Please give again, exactly and in full, each line from the one holding "by (induction n)" to the end of the listing.

-------- Records for this exercise --------

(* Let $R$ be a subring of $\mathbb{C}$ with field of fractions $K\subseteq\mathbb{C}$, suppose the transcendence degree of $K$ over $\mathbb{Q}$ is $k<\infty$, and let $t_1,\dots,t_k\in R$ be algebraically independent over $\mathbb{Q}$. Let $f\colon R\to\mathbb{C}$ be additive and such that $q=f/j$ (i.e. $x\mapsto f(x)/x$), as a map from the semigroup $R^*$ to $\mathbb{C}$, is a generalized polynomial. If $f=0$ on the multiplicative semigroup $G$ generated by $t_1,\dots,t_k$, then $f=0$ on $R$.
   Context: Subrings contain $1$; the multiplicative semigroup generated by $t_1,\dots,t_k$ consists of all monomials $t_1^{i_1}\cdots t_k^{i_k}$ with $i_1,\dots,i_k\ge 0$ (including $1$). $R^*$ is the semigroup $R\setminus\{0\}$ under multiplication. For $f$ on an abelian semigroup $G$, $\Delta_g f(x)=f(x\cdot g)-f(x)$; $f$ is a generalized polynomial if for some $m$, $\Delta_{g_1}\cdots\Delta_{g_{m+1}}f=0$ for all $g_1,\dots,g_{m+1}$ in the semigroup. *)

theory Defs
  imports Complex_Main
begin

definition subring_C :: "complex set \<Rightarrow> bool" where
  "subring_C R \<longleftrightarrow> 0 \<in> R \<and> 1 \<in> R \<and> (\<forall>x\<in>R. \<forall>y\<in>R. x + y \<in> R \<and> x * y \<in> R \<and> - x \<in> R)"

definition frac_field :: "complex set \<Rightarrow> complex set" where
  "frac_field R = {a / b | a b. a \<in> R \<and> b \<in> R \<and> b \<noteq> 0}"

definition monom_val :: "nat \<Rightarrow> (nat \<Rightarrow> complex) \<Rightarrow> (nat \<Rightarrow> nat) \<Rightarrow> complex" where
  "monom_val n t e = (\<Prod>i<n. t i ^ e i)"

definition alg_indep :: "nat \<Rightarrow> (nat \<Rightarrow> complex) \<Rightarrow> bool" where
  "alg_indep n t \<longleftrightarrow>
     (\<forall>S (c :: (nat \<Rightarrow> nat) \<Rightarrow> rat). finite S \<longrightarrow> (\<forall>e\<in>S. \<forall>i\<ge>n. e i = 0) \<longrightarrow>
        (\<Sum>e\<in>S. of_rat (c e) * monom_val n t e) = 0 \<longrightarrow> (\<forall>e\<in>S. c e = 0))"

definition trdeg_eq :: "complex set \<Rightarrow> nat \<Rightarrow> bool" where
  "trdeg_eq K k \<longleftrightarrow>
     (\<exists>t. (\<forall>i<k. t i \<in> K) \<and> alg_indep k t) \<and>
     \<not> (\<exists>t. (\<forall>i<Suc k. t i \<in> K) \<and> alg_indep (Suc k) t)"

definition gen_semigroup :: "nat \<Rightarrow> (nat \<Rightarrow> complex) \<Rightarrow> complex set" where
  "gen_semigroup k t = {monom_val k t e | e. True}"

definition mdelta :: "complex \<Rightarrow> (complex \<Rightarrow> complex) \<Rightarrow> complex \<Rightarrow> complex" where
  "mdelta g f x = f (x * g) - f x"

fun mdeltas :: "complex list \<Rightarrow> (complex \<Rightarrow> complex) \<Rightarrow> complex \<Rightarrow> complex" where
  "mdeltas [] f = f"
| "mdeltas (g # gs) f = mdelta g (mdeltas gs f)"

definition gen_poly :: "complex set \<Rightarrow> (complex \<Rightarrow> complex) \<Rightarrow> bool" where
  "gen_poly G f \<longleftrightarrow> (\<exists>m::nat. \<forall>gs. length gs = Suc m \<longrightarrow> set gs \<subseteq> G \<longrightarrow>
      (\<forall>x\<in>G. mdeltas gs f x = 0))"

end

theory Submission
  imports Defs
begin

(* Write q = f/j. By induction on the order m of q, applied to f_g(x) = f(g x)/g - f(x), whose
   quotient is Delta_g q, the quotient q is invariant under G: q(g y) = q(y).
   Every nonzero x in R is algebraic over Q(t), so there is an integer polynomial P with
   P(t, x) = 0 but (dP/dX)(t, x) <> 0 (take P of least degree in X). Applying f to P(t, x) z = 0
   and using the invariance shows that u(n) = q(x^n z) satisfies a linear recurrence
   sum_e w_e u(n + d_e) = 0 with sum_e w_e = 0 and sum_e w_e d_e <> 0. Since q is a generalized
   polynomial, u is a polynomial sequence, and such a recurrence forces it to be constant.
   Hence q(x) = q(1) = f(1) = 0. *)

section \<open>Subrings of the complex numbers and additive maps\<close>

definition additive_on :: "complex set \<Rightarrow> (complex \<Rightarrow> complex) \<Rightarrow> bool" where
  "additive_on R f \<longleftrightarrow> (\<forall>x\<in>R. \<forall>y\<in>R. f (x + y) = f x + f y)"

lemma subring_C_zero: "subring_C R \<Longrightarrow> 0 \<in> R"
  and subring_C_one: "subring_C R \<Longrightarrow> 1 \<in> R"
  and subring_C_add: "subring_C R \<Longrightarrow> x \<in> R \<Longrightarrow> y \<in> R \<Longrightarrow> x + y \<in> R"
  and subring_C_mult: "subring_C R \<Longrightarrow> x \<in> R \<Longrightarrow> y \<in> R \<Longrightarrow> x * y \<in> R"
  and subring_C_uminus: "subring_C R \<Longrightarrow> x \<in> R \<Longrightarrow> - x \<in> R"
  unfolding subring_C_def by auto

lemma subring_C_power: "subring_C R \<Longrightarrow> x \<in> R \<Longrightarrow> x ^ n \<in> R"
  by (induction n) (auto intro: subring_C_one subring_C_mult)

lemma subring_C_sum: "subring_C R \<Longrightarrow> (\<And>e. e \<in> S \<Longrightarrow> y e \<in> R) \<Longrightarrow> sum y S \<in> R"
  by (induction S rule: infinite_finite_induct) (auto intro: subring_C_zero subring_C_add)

--------

#### Answer for the task
  by (induction n) (auto intro: subring_C_one subring_C_mult)

lemma subring_C_sum: "subring_C R \<Longrightarrow> (\<And>e. e \<in> S \<Longrightarrow> y e \<in> R) \<Longrightarrow> sum y S \<in> R"
  by (induction S rule: infinite_finite_induct) (auto intro: subring_C_zero subring_C_add)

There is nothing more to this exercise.